• [What you have to do]
Nothing but the lines from the one with "(if lam k * norm" down to the one with "else x k = x" should be returned, exactly and with both ends included, from the material below.

• [Data for this task]
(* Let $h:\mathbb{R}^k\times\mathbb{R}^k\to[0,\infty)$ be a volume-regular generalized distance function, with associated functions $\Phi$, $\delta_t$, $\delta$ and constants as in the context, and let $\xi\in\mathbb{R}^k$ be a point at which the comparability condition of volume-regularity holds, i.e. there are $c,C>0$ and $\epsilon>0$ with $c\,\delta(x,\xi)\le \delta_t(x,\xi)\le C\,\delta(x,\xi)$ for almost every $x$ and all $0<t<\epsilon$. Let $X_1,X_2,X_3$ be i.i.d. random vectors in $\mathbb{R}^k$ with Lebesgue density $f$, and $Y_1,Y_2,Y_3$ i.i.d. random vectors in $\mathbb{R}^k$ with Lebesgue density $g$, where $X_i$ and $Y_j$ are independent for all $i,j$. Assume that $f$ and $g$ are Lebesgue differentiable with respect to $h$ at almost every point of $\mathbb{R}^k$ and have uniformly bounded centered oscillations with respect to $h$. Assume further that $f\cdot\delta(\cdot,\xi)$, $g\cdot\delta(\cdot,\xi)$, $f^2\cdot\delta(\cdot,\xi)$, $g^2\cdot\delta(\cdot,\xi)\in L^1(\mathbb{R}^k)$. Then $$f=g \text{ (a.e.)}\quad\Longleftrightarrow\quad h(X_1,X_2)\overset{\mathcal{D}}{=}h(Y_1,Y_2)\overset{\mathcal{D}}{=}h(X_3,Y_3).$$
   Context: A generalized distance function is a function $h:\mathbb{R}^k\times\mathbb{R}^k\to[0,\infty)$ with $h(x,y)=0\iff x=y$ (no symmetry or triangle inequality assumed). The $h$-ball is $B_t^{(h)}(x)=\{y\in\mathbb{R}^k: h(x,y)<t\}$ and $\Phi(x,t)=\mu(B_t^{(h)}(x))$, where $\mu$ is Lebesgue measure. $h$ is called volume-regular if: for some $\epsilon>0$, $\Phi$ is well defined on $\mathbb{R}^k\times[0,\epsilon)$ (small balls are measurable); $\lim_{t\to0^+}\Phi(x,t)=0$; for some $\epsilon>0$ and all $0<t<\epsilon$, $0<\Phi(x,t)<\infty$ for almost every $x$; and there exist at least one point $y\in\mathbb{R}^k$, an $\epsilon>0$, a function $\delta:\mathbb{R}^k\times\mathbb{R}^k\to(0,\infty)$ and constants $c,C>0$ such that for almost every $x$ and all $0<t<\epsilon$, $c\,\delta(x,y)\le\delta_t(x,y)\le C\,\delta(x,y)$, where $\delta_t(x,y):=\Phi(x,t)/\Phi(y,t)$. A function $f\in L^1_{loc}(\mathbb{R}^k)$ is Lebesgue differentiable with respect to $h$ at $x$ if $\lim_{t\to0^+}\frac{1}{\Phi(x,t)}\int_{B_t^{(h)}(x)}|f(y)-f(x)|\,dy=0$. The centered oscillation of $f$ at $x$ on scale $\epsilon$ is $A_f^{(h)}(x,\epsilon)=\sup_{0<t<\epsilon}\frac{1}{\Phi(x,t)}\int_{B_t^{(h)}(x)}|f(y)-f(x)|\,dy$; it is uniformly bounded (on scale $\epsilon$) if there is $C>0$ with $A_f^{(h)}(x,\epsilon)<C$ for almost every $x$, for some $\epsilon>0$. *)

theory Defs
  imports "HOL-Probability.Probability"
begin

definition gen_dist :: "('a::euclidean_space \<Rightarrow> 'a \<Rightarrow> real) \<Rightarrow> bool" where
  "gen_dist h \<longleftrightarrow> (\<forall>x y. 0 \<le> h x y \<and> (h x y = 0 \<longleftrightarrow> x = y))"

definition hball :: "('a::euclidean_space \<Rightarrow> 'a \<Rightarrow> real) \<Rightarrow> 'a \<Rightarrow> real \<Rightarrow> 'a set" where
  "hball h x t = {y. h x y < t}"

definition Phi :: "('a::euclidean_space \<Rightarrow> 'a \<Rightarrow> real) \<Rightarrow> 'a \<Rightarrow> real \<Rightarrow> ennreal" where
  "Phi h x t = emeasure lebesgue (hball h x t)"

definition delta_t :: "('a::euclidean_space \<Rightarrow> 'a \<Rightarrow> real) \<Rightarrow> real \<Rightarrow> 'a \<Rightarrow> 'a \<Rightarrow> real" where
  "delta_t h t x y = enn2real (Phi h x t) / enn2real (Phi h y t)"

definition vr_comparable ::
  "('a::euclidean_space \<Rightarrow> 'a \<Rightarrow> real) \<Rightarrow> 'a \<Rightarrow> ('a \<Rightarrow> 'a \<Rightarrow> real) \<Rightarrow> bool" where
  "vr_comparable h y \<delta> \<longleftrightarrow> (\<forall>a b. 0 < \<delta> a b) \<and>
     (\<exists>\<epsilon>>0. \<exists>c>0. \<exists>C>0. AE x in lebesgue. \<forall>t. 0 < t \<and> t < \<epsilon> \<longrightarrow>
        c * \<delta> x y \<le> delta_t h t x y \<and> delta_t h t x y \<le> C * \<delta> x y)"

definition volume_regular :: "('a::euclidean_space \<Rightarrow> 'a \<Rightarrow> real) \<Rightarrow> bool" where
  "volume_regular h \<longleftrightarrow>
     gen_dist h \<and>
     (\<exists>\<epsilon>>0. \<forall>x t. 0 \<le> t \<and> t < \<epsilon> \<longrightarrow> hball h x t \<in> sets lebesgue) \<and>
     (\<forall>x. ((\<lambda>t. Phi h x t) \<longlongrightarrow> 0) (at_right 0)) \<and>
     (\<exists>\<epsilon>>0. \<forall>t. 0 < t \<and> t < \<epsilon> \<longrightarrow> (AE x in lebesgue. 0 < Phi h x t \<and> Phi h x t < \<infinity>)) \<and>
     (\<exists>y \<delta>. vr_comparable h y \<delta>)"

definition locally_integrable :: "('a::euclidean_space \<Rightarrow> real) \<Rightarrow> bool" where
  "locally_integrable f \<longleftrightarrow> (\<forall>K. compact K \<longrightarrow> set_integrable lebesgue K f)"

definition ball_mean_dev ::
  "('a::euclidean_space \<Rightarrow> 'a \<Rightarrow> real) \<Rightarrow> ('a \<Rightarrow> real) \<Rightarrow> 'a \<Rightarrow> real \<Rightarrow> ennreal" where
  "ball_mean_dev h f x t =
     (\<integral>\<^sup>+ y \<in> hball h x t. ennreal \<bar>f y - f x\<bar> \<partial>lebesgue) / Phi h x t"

* * *

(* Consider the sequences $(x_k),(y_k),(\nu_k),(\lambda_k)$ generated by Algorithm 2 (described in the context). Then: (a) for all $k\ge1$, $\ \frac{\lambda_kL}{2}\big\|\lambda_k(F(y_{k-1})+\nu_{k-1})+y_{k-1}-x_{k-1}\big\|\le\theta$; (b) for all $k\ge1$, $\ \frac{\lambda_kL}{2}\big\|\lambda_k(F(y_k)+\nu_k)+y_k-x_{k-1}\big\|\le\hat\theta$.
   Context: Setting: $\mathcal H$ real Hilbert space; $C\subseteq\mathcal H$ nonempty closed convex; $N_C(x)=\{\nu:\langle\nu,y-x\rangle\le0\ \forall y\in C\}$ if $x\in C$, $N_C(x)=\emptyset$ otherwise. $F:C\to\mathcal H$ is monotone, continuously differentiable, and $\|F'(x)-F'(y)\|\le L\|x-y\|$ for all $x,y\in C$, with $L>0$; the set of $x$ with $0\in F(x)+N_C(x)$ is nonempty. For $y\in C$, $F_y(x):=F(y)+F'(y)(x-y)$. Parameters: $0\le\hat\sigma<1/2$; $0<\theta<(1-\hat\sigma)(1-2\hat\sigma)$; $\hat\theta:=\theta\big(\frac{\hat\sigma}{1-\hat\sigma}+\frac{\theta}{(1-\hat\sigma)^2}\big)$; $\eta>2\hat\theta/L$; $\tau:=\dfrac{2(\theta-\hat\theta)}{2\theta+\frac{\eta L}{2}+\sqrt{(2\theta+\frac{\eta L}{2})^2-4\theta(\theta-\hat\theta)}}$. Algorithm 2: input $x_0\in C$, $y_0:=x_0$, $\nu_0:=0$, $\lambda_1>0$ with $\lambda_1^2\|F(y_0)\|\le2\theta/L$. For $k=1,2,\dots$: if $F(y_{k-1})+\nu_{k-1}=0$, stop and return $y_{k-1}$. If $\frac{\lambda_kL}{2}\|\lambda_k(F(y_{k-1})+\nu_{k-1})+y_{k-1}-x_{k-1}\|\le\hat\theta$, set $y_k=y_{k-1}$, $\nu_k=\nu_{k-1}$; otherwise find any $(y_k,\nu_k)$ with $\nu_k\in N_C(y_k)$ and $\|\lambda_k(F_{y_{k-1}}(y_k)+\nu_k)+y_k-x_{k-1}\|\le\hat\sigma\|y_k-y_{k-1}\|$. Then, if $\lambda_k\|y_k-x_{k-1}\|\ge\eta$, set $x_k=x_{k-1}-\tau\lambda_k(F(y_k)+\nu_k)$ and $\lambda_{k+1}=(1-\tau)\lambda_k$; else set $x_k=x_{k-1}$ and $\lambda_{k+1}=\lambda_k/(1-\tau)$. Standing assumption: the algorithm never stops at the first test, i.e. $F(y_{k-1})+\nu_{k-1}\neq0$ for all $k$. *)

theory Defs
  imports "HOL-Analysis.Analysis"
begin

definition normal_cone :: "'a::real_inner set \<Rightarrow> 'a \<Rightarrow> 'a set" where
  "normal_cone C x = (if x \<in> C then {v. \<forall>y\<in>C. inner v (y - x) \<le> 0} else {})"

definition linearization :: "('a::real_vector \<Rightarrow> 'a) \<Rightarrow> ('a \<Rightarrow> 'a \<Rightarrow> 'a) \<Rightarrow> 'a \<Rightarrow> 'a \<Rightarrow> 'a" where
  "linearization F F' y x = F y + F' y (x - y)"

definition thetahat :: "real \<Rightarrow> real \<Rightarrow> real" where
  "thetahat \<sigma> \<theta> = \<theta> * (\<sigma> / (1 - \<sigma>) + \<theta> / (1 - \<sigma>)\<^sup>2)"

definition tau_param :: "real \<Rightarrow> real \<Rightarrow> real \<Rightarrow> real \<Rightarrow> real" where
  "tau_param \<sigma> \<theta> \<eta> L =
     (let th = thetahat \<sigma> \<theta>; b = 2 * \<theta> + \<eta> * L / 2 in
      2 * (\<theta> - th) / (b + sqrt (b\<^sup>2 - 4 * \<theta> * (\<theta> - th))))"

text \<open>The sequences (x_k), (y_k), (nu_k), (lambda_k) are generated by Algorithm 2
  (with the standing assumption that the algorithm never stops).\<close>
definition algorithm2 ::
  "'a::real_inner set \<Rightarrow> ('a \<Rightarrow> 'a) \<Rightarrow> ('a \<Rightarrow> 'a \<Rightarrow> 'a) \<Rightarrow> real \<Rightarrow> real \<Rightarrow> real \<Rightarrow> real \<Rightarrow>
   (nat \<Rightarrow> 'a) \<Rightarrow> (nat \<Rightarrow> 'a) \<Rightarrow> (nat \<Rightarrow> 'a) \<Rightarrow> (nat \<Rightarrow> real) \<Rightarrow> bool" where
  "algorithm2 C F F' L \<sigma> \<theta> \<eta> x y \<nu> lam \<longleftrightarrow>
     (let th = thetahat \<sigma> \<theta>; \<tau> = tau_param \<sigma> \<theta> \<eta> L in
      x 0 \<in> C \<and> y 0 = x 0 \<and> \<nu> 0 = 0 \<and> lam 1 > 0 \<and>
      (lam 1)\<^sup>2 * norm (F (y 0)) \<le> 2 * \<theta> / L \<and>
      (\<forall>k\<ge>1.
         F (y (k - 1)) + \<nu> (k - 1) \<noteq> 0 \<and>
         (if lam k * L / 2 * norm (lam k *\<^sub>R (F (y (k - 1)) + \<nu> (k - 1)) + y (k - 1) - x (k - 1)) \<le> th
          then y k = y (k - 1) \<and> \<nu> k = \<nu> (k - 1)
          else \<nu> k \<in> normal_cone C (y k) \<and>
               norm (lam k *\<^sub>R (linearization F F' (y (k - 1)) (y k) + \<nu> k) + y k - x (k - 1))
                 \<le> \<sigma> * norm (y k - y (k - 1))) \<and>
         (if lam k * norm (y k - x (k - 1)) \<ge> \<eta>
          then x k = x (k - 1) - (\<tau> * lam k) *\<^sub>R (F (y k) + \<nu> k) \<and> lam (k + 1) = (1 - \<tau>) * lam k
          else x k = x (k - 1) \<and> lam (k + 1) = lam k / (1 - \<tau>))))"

• [Response below]
         (if lam k * norm (y k - x (k - 1)) \<ge> \<eta>
          then x k = x (k - 1) - (\<tau> * lam k) *\<^sub>R (F (y k) + \<nu> k) \<and> lam (k + 1) = (1 - \<tau>) * lam k
          else x k = x (k - 1) \<and> lam (k + 1) = lam k / (1 - \<tau>))))"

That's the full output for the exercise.